lemma smooth_body_supporting_points_neq:
  fixes T :: "'a::euclidean_space set"
  assumes "smooth_body T" "interior T \<noteq> {}" "P \<in> frontier T"
    and "z - x \<in> normal_cone T P" "y - z \<in> normal_cone T Q"
    and "x \<noteq> z" "z \<noteq> y" "z \<notin> closed_segment x y"
  shows "P \<noteq> Q"
proof
  assume "P = Q"
  have "z - x \<noteq> 0" "y - z \<noteq> 0" using assms(6,7) by auto
  then obtain c where "c > 0" "y - z = c *\<^sub>R (z - x)"
    using smooth_body_normal_cone_parallel[OF assms(1-3)] assms(4,5) \<open>P = Q\<close> by metis
  thus False using in_closed_segment_if_steps_parallel assms(8) by fastforce
qed

lemma gauge_polar_body_sum_le_on_hyperplane:
  fixes T :: "'a::euclidean_space set"
  assumes T: "compact T" "0 \<in> interior T"
    and "P \<in> T" "Q \<in> T" "z - x \<in> normal_cone T P" "y - z \<in> normal_cone T Q"
    and w: "(P - Q) \<bullet> w = (P - Q) \<bullet> z"
  shows "gauge_fun (polar_body T) (z - x) + gauge_fun (polar_body T) (y - z)
       \<le> gauge_fun (polar_body T) (w - x) + gauge_fun (polar_body T) (y - w)"
proof -
  have "gauge_fun (polar_body T) (z - x) + gauge_fun (polar_body T) (y - z) = (z - x) \<bullet> P + (y - z) \<bullet> Q"
    using gauge_polar_body_eq[OF T(2)] assms(3-6) by simp
  also have "\<dots> = (w - x) \<bullet> P + (y - w) \<bullet> Q"
    using w by (simp add: inner_diff_left inner_diff_right inner_commute)
  also have "\<dots> \<le> gauge_fun (polar_body T) (w - x) + gauge_fun (polar_body T) (y - w)"
    using inner_le_gauge_polar_body[OF T] assms(3,4) by (simp add: add_mono)
  finally show ?thesis .
qed

lemma billiard_vertex_unique_minimizing_hyperplane:
  fixes K T :: "'a::euclidean_space set"
  assumes T: "convex_body T" "strictly_convex T" "smooth_body T"
    and P: "P \<in> frontier T" and Q: "Q \<in> frontier T"
    and normals: "z - x \<in> normal_cone T P" "y - z \<in> normal_cone T Q" "P - Q \<in> normal_cone K z"
    and polygon: "x \<noteq> z" "z \<noteq> y" "z \<notin> closed_segment x y"
  shows "\<exists>!H. supporting_hyperplane K z H \<and>
           (\<forall>w\<in>H. gauge_fun (polar_body T) (z - x) + gauge_fun (polar_body T) (y - z)
                 \<le> gauge_fun (polar_body T) (w - x) + gauge_fun (polar_body T) (y - w))"
proof -
  define G where "G = gauge_fun (polar_body T)"
  have cT: "compact T" "0 \<in> interior T" using T(1) unfolding convex_body_def by auto
  have PT: "P \<in> T" and QT: "Q \<in> T"
    using P Q frontier_subset_closed compact_imp_closed[OF cT(1)] by blast+
  have a0: "z - x \<noteq> 0" and b0: "y - z \<noteq> 0" using polygon(1,2) by auto
  have "P \<noteq> Q"
    using smooth_body_supporting_points_neq[OF T(3) _ P normals(1,2) polygon] cT(2) by blast
  define H0 where "H0 = {w. (P - Q) \<bullet> w = (P - Q) \<bullet> z}"
  show ?thesis unfolding G_def[symmetric]
  proof (rule ex1I[of _ H0], intro conjI)
    show "supporting_hyperplane K z H0"
      using \<open>P \<noteq> Q\<close> normals(3) unfolding supporting_hyperplane_def H0_def in_normal_cone_iff
      by (intro exI[of _ "P - Q"]) auto
    show "\<forall>w\<in>H0. G (z - x) + G (y - z) \<le> G (w - x) + G (y - w)"
      using gauge_polar_body_sum_le_on_hyperplane[OF cT PT QT normals(1,2)] unfolding G_def H0_def by blast
  next
    fix H assume H: "supporting_hyperplane K z H \<and> (\<forall>w\<in>H. G (z - x) + G (y - z) \<le> G (w - x) + G (y - w))"
    then obtain v where v: "v \<noteq> 0" "H = {w. v \<bullet> w = v \<bullet> z}"
      unfolding supporting_hyperplane_def by blast
    have "P - Q \<noteq> 0" using \<open>P \<noteq> Q\<close> by simp
    from parallel_or_descent_direction[OF v(1) this] show "H = H0"
    proof (elim disjE exE conjE)
      fix c assume "c \<noteq> 0" "P - Q = c *\<^sub>R v"
      thus "H = H0" unfolding v(2) H0_def by auto
    next
      fix d assume d: "v \<bullet> d = 0" "(P - Q) \<bullet> d < 0"
      obtain t where "t > 0" and less: "G (z - x + t *\<^sub>R d) + G (y - z - t *\<^sub>R d) < G (z - x) + G (y - z)"
        using gauge_polar_body_sum_descent[OF cT T(2) a0 b0 PT QT normals(1,2) d(2)]
        unfolding G_def by blast
      have "z + t *\<^sub>R d \<in> H" unfolding v(2) using d(1) by (simp add: inner_add_right)
      hence "G (z - x) + G (y - z) \<le> G (z + t *\<^sub>R d - x) + G (y - (z + t *\<^sub>R d))" using H by blast
      with less show "H = H0" by (simp add: algebra_simps)
    qed
  qed
qed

——

Report every line of the entries that carries the word "less".

Exercise output -
      obtain t where "t > 0" and less: "G (z - x + t *\<^sub>R d) + G (y - z - t *\<^sub>R d) < G (z - x) + G (y - z)"
      with less show "H = H0" by (simp add: algebra_simps)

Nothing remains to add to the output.